Your country had its worst day in modern times on March 15, 2019 when a deranged right-wing terrorist attacked and murdered 51 people and wounded 40 more in the Christchurch mosques.
We had our worst day yesterday when aPresident attacked our democracy and encouraged a mob to invade the Capitol buildings. A woman shot by police died. Our democracy was wounded.
Before bothering you, I reached out to the smartest guy I know in Washington, DC. That's Don Graham, the former owner and publisher of the Washington Post. He and I were interns together at Newsweek magazine in 1973, but his journalism career obviously turned out more noteworthy than mine.
I asked him if we could arrest Donald Trump and sentence him to life in prison, as you did the March 15 killer. No, said Graham. He pointed out that almost half the country supported Trump.
"You cannot ignore half the people of the country," he told me yesterday, as police regained control of the Capitol. He was speaking from his home not far away.
Graham knows something about police and security. Before assuming leadership of his family's media empire, he worked as a cop in Washington DC.
"You've got to find a way of saying we are a country. We have to talk to each other," he said.
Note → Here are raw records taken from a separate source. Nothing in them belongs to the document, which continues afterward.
(* If either $m\ge 3$ and $k\ge 3$, or $m=2$ and $k\ge 4$, then the Spencer operator $\mathcal S^2\colon\operatorname{Hom}(\wedge^2V,\mathfrak a)\to\operatorname{Hom}(\wedge^3V,V)$ is injective.
   Context: $\mathfrak a=\mathfrak{sl}(2,\mathbb R)\times\mathfrak{gl}(m,\mathbb R)$ acting faithfully on $V=V_k\otimes W$, where $V_k=S^k(\mathbb R^2)$ is the irreducible $(k+1)$-dimensional $\mathfrak{sl}(2,\mathbb R)$-module and $W=\mathbb R^m$ the standard $\mathfrak{gl}(m,\mathbb R)$-module. $\mathcal S^2(\phi)(v_1\wedge v_2\wedge v_3)=-\phi(v_2\wedge v_3)v_1+\phi(v_1\wedge v_3)v_2-\phi(v_1\wedge v_2)v_3$. *)

theory Defs
  imports Complex_Main
begin

text \<open>
V_k = S^k(R^2) has basis the monomials x^(k-i) y^i, i = 0..k; W = R^m has basis e_r, r < m.
An element of V = V_k (x) W is a function v :: nat => nat => real, v i r being the
coefficient of x^(k-i) y^i (x) e_r, vanishing outside i <= k, r < m.
An element of sl(2,R) is a 2x2 matrix X (indices 0,1) of trace zero, an element of gl(m,R)
an m x m matrix A (indices < m); an element of a is the pair (X, A).
\<close>

type_synonym vec = "nat \<Rightarrow> nat \<Rightarrow> real"
type_synonym mat = "nat \<Rightarrow> nat \<Rightarrow> real"
type_synonym alg = "mat \<times> mat"

definition inV :: "nat \<Rightarrow> nat \<Rightarrow> vec \<Rightarrow> bool" where
  "inV k m v \<longleftrightarrow> (\<forall>i r. (k < i \<or> m \<le> r) \<longrightarrow> v i r = 0)"

definition in_sl2 :: "mat \<Rightarrow> bool" where
  "in_sl2 X \<longleftrightarrow> (\<forall>i j. (1 < i \<or> 1 < j) \<longrightarrow> X i j = 0) \<and> X 0 0 + X 1 1 = 0"

definition in_gl :: "nat \<Rightarrow> mat \<Rightarrow> bool" where
  "in_gl m A \<longleftrightarrow> (\<forall>i j. (m \<le> i \<or> m \<le> j) \<longrightarrow> A i j = 0)"

definition in_alg :: "nat \<Rightarrow> alg \<Rightarrow> bool" where
  "in_alg m xa \<longleftrightarrow> in_sl2 (fst xa) \<and> in_gl m (snd xa)"

definition alg_zero :: alg where
  "alg_zero = ((\<lambda>_ _. 0), (\<lambda>_ _. 0))"

definition vec_zero :: vec where
  "vec_zero = (\<lambda>_ _. 0)"

text \<open>Action of sl(2,R) on V_k = S^k(R^2) (extension as a derivation of the standard action
X e1 = X00 e1 + X10 e2, X e2 = X01 e1 + X11 e2), tensored with the standard action of gl(m,R).\<close>
definition act :: "nat \<Rightarrow> nat \<Rightarrow> alg \<Rightarrow> vec \<Rightarrow> vec" where
  "act k m xa v = (\<lambda>i r. if i \<le> k \<and> r < m then
       fst xa 0 0 * (real k - 2 * real i) * v i r
     + (if 1 \<le> i then fst xa 1 0 * (real k - real i + 1) * v (i - 1) r else 0)
     + (if i < k then fst xa 0 1 * (real i + 1) * v (i + 1) r else 0)
     + (\<Sum>s<m. snd xa r s * v i s)
     else 0)"

text \<open>Hom(wedge^2 V, a), realised as alternating bilinear maps V x V -> a
(extended by zero outside V x V).\<close>
definition Hom2 :: "nat \<Rightarrow> nat \<Rightarrow> (vec \<Rightarrow> vec \<Rightarrow> alg) set" where
  "Hom2 k m = {\<phi>.
     (\<forall>v w. inV k m v \<and> inV k m w \<longrightarrow> in_alg m (\<phi> v w)) \<and>
     (\<forall>v w. \<not> (inV k m v \<and> inV k m w) \<longrightarrow> \<phi> v w = alg_zero) \<and>
     (\<forall>v w u c. inV k m v \<and> inV k m w \<and> inV k m u \<longrightarrow>
        \<phi> (\<lambda>i r. c * v i r + w i r) u =
          ((\<lambda>i j. c * fst (\<phi> v u) i j + fst (\<phi> w u) i j),
           (\<lambda>i j. c * snd (\<phi> v u) i j + snd (\<phi> w u) i j))) \<and>
     (\<forall>v w u c. inV k m v \<and> inV k m w \<and> inV k m u \<longrightarrow>
        \<phi> u (\<lambda>i r. c * v i r + w i r) =
          ((\<lambda>i j. c * fst (\<phi> u v) i j + fst (\<phi> u w) i j),
           (\<lambda>i j. c * snd (\<phi> u v) i j + snd (\<phi> u w) i j))) \<and>
     (\<forall>v. inV k m v \<longrightarrow> \<phi> v v = alg_zero)}"

definition S2 :: "nat \<Rightarrow> nat \<Rightarrow> (vec \<Rightarrow> vec \<Rightarrow> alg) \<Rightarrow> vec \<Rightarrow> vec \<Rightarrow> vec \<Rightarrow> vec" where
  "S2 k m \<phi> v1 v2 v3 =
     (if inV k m v1 \<and> inV k m v2 \<and> inV k m v3 then
        (\<lambda>i r. - act k m (\<phi> v2 v3) v1 i r + act k m (\<phi> v1 v3) v2 i r
               - act k m (\<phi> v1 v2) v3 i r)
      else vec_zero)"

end

theory Submission
  imports Defs
begin

text \<open>
It suffices to show that an alternating bilinear \<open>G : \<wedge>\<^sup>2V \<rightarrow> \<fraka>\<close> with \<open>\<S>\<^sup>2 G = 0\<close> vanishes,
and by bilinearity only its values \<open>G(e\<^sub>i\<^sub>a, e\<^sub>j\<^sub>b)\<close> on the weight basis \<open>e\<^sub>i\<^sub>a = x\<^sup>k\<^sup>-\<^sup>i y\<^sup>i \<otimes> e\<^sub>a\<close>
matter. Evaluating \<open>\<S>\<^sup>2 G(e\<^sub>i\<^sub>a, e\<^sub>j\<^sub>b, e\<^sub>l\<^sub>c)\<close> at a coordinate \<open>e\<^sub>i\<^sub>'\<^sub>r\<^sub>'\<close> to which only the third
term \<open>G(e\<^sub>i\<^sub>a, e\<^sub>j\<^sub>b) e\<^sub>l\<^sub>c\<close> can contribute isolates one coefficient of \<open>G(e\<^sub>i\<^sub>a, e\<^sub>j\<^sub>b)\<close>:
the coordinate \<open>(l+1, c)\<close> isolates the lowering part, \<open>(l-1, c)\<close> the raising part, and once these
vanish everywhere, the coordinates \<open>(l, d)\<close> with \<open>l \<noteq> i, j\<close> give
\<open>\<delta>\<^sub>c\<^sub>d h (k - 2l) + A\<^sub>d\<^sub>c = 0\<close>; two different such \<open>l\<close> kill the Cartan part \<open>h\<close> and then \<open>A\<close>.
Choosing \<open>l\<close> and \<open>c\<close> so that the two other terms cannot interfere needs either a third colour
\<open>c \<notin> {a, b}\<close> (\<open>m \<ge> 3\<close>, \<open>k \<ge> 3\<close>) or, for \<open>m = 2\<close>, enough room in the weights (\<open>k \<ge> 4\<close>).
\<close>

definition basis_vec :: "nat \<Rightarrow> nat \<Rightarrow> vec" where
  "basis_vec l c = (\<lambda>i r. if i = l \<and> r = c then 1 else 0)"

lemma inV_basis_vec: "l \<le> k \<Longrightarrow> c < m \<Longrightarrow> inV k m (basis_vec l c)"
  unfolding inV_def basis_vec_def by auto

lemma act_basis_vec:
  assumes "l \<le> k" "c < m"
  shows "act k m xa (basis_vec l c) i r = (if i \<le> k \<and> r < m then
     (if i = l \<and> r = c then fst xa 0 0 * (real k - 2 * real i) else 0)
   + (if i = l + 1 \<and> r = c then fst xa 1 0 * (real k - real l) else 0)
   + (if i + 1 = l \<and> r = c then fst xa 0 1 * real l else 0)
   + (if i = l then snd xa r c else 0) else 0)"
proof -
  have "(\<Sum>s<m. snd xa r s * basis_vec l c i s) = (if i = l then snd xa r c else 0)"
    using \<open>c < m\<close> unfolding basis_vec_def
    by (simp add: if_distrib[of "\<lambda>x. _ * x"] sum.delta cong: if_cong)
  then show ?thesis
    using assms unfolding act_def by (auto simp: basis_vec_def)
qed

definition alg_diff :: "alg \<Rightarrow> alg \<Rightarrow> alg" where
  "alg_diff p q = ((\<lambda>x y. fst p x y - fst q x y), (\<lambda>x y. snd p x y - snd q x y))"

lemma act_alg_diff: "act k m (alg_diff p q) v i r = act k m p v i r - act k m q v i r"
  unfolding act_def alg_diff_def by (simp add: algebra_simps sum_subtractf)

lemma in_alg_diff: "in_alg m p \<Longrightarrow> in_alg m q \<Longrightarrow> in_alg m (alg_diff p q)"
  unfolding alg_diff_def in_alg_def in_sl2_def in_gl_def by auto

lemma alg_diff_eq_zero_iff: "alg_diff p q = alg_zero \<longleftrightarrow> p = q"
  unfolding alg_diff_def alg_zero_def by (auto simp: prod_eq_iff fun_eq_iff)

lemma alg_eq_zeroI:
  assumes "in_alg m x" "fst x 0 0 = 0" "fst x 1 0 = 0" "fst x 0 1 = 0"
    and "\<And>c d. c < m \<Longrightarrow> d < m \<Longrightarrow> snd x d c = 0"
  shows "x = alg_zero"
proof -
  have "fst x i j = 0" for i j
    using assms(1-4) unfolding in_alg_def in_sl2_def
    by (cases "i \<le> 1 \<and> j \<le> 1") (auto simp: le_Suc_eq)
  moreover have "snd x d c = 0" for c d
    using assms(1,5) unfolding in_alg_def in_gl_def by (cases "c < m \<and> d < m") auto
  ultimately show ?thesis
    unfolding alg_zero_def by (simp add: prod_eq_iff fun_eq_iff)
qed

text \<open>\<open>G i a j b\<close> stands for the value of a cochain on \<open>e\<^sub>i\<^sub>a \<and> e\<^sub>j\<^sub>b\<close>; the condition says that its
Spencer image vanishes on all basis triples (with the overall sign of \<open>\<S>\<^sup>2\<close> reversed).\<close>
definition S2_vanishes_on_basis :: "nat \<Rightarrow> nat \<Rightarrow> (nat \<Rightarrow> nat \<Rightarrow> nat \<Rightarrow> nat \<Rightarrow> alg) \<Rightarrow> bool" where
  "S2_vanishes_on_basis k m G \<longleftrightarrow>
    (\<forall>i a j b l c i' r'. i \<le> k \<longrightarrow> a < m \<longrightarrow> j \<le> k \<longrightarrow> b < m \<longrightarrow> l \<le> k \<longrightarrow> c < m \<longrightarrow>
      act k m (G j b l c) (basis_vec i a) i' r' - act k m (G i a l c) (basis_vec j b) i' r'
      + act k m (G i a j b) (basis_vec l c) i' r' = 0)"

lemma S2_vanishes_on_basis_lowering:
  assumes G: "S2_vanishes_on_basis k m G"
    and "i \<le> k" "j \<le> k" "a < m" "b < m" "c < m" "l < k" "l + 1 \<noteq> i" "l + 1 \<noteq> j"
    and "c = a \<longrightarrow> l \<noteq> i \<and> l + 2 \<noteq> i" "c = b \<longrightarrow> l \<noteq> j \<and> l + 2 \<noteq> j"
  shows "fst (G i a j b) 1 0 = 0"
proof -
  have "act k m (G j b l c) (basis_vec i a) (l + 1) c - act k m (G i a l c) (basis_vec j b) (l + 1) c
      + act k m (G i a j b) (basis_vec l c) (l + 1) c = 0"
    using G assms unfolding S2_vanishes_on_basis_def by auto
  then have "fst (G i a j b) 1 0 * (real k - real l) = 0"
    using assms by (auto simp: act_basis_vec)
  then show ?thesis using \<open>l < k\<close> by auto
qed

lemma S2_vanishes_on_basis_raising:
  assumes G: "S2_vanishes_on_basis k m G"
    and "i \<le> k" "j \<le> k" "a < m" "b < m" "c < m" "n < k" "n \<noteq> i" "n \<noteq> j"
    and "c = a \<longrightarrow> n \<noteq> i + 1 \<and> n + 1 \<noteq> i" "c = b \<longrightarrow> n \<noteq> j + 1 \<and> n + 1 \<noteq> j"
  shows "fst (G i a j b) 0 1 = 0"
proof -
  have "act k m (G j b (n + 1) c) (basis_vec i a) n c - act k m (G i a (n + 1) c) (basis_vec j b) n c
      + act k m (G i a j b) (basis_vec (n + 1) c) n c = 0"
    using G assms unfolding S2_vanishes_on_basis_def by auto
  then have "fst (G i a j b) 0 1 * (real n + 1) = 0"
    using assms by (auto simp: act_basis_vec)
  then show ?thesis by (auto simp: add_nonneg_eq_0_iff)
qed

lemma S2_vanishes_on_basis_weight:
  assumes G: "S2_vanishes_on_basis k m G"
    and "i \<le> k" "j \<le> k" "a < m" "b < m" "c < m" "d < m" "l \<le> k" "l \<noteq> i" "l \<noteq> j"
    and off_diagonal: "\<And>i a j b. i \<le> k \<Longrightarrow> j \<le> k \<Longrightarrow> a < m \<Longrightarrow> b < m \<Longrightarrow>
      fst (G i a j b) 1 0 = 0 \<and> fst (G i a j b) 0 1 = 0"
  shows "(if d = c then fst (G i a j b) 0 0 * (real k - 2 * real l) else 0) + snd (G i a j b) d c = 0"
proof -
  have "act k m (G j b l c) (basis_vec i a) l d - act k m (G i a l c) (basis_vec j b) l d
      + act k m (G i a j b) (basis_vec l c) l d = 0"
    using G assms unfolding S2_vanishes_on_basis_def by auto
  moreover have "fst (G j b l c) 1 0 = 0" "fst (G j b l c) 0 1 = 0"
    "fst (G i a l c) 1 0 = 0" "fst (G i a l c) 0 1 = 0"
    using off_diagonal assms by auto
  ultimately show ?thesis
    using assms by (simp add: act_basis_vec split: if_splits)
qed

lemma third_colour_or_room:
  "(3 \<le> m \<and> 3 \<le> k) \<or> (m = 2 \<and> 4 \<le> k) \<Longrightarrow> a < (m::nat) \<Longrightarrow> b < m \<Longrightarrow>
    (\<exists>c<m. c \<noteq> a \<and> c \<noteq> b) \<or> (a \<noteq> b \<and> 4 \<le> (k::nat))"
  by presburger

lemma lowering_witness:
  fixes k m :: nat
  assumes km: "(3 \<le> m \<and> 3 \<le> k) \<or> (m = 2 \<and> 4 \<le> k)" and "a < m" "b < m"
  shows "\<exists>c<m. \<exists>l<k. l + 1 \<noteq> i \<and> l + 1 \<noteq> j \<and>
    (c = a \<longrightarrow> l \<noteq> i \<and> l + 2 \<noteq> i) \<and> (c = b \<longrightarrow> l \<noteq> j \<and> l + 2 \<noteq> j)"
proof -
  have "3 \<le> k" using km by auto
  from third_colour_or_room[OF assms] show ?thesis
  proof
    assume "\<exists>c<m. c \<noteq> a \<and> c \<noteq> b"
    moreover from \<open>3 \<le> k\<close> have "\<exists>l<k. l + 1 \<noteq> i \<and> l + 1 \<noteq> j" by presburger
    ultimately show ?thesis by blast
  next
    assume "a \<noteq> b \<and> 4 \<le> k"
    then have "\<exists>l<k. l + 1 \<noteq> i \<and> l + 1 \<noteq> j \<and> ((l \<noteq> i \<and> l + 2 \<noteq> i) \<or> (l \<noteq> j \<and> l + 2 \<noteq> j))"
      by presburger
    then show ?thesis using \<open>a \<noteq> b \<and> 4 \<le> k\<close> assms(2,3) by metis
  qed
qed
"New Zealand faced a hideous event, where a monster killed a lot of people over religious hatred," he continued. "New Zealand confronted that magnificently and we hope we can do as well."
Can we?
I must admit I'm out of ideas today. I thought I had a good handle on what was going to happen here. I predicted in this column that Covid-19 would kill Trump's re-election bid. It did. I said Joe Biden would win. He did. I said Trump was pulling a coup. Sure looks that way. I said Trump would dispatch armies of lawyers to challenge the results. He did. I said Trump's legal challenges were bogus and would fail. They have. I said there would be armies of thug protesters in DC responding to Trump's call. There were. I said there was a very real chance of violence today. It happened. I said the Capitol would be well defended. Oops. Got that last bit wrong.
So the question I ask you is: How can we bring America together?
I realise you have your own nation to worry about and I don't mean to be cute or presumptuous. But sometimes, I think, it's easier to see what's wrong from outside the house. How do we reach out to half our people, who are in the grip of what looks to the other half of us like a dangerous would-be tyrant? From our point of view, their alternate reality is insane. They believe he has done a swell job fighting Covid, or that there is no Covid problem, while we know the disease is utterly out of control here and our death toll has topped 360,000 as of today. They believe a clean election was rigged. Many believe in the bizarre political conspiracy theories of QAnon.
If this was an argument about dinner options, it wouldn't be that I wanted Italian food and they wanted Chinese. It would be that I wanted Italian food, and they wanted to eat metal nuts and bolts in hot machine oil. How do you compromise on that? Bolts in red sauce?
As you know, as everyone everywhere but slightly less than half of us here can see, we have been misled by a conman. The Washington Post has documented more than 20,000 whoppers since his inauguration. He continues to insist that the election was stolen from him. But there was no election theft here. Our various states have checked and rechecked the results.
Sixty courts rejected his claims, including our Supreme Court — twice. The only election fraud anyone can find are the bogus charges of election fraud promulgated by Trump.
But with about 74 million of us voting for Trump, and even assuming millions have changed their minds after today, we still need a strategy to pull us together.
I assume the most likely scenario is that the election will be certified by Congress, which resumed its work last night.
And then Trump will slink away to Florida or another foreign country.
But then what?
You have proven yourself the ablest manager of crisis in any developed nation.
You said that "leadership is not about necessarily being the loudest in the room, but instead being the bridge or the thing that is missing in the discussion and trying to build a consensus from there."
Is there a bridge we are missing?
I have no doubt that President-elect Biden and the American people would be extremely grateful for any ideas you might have in this regard.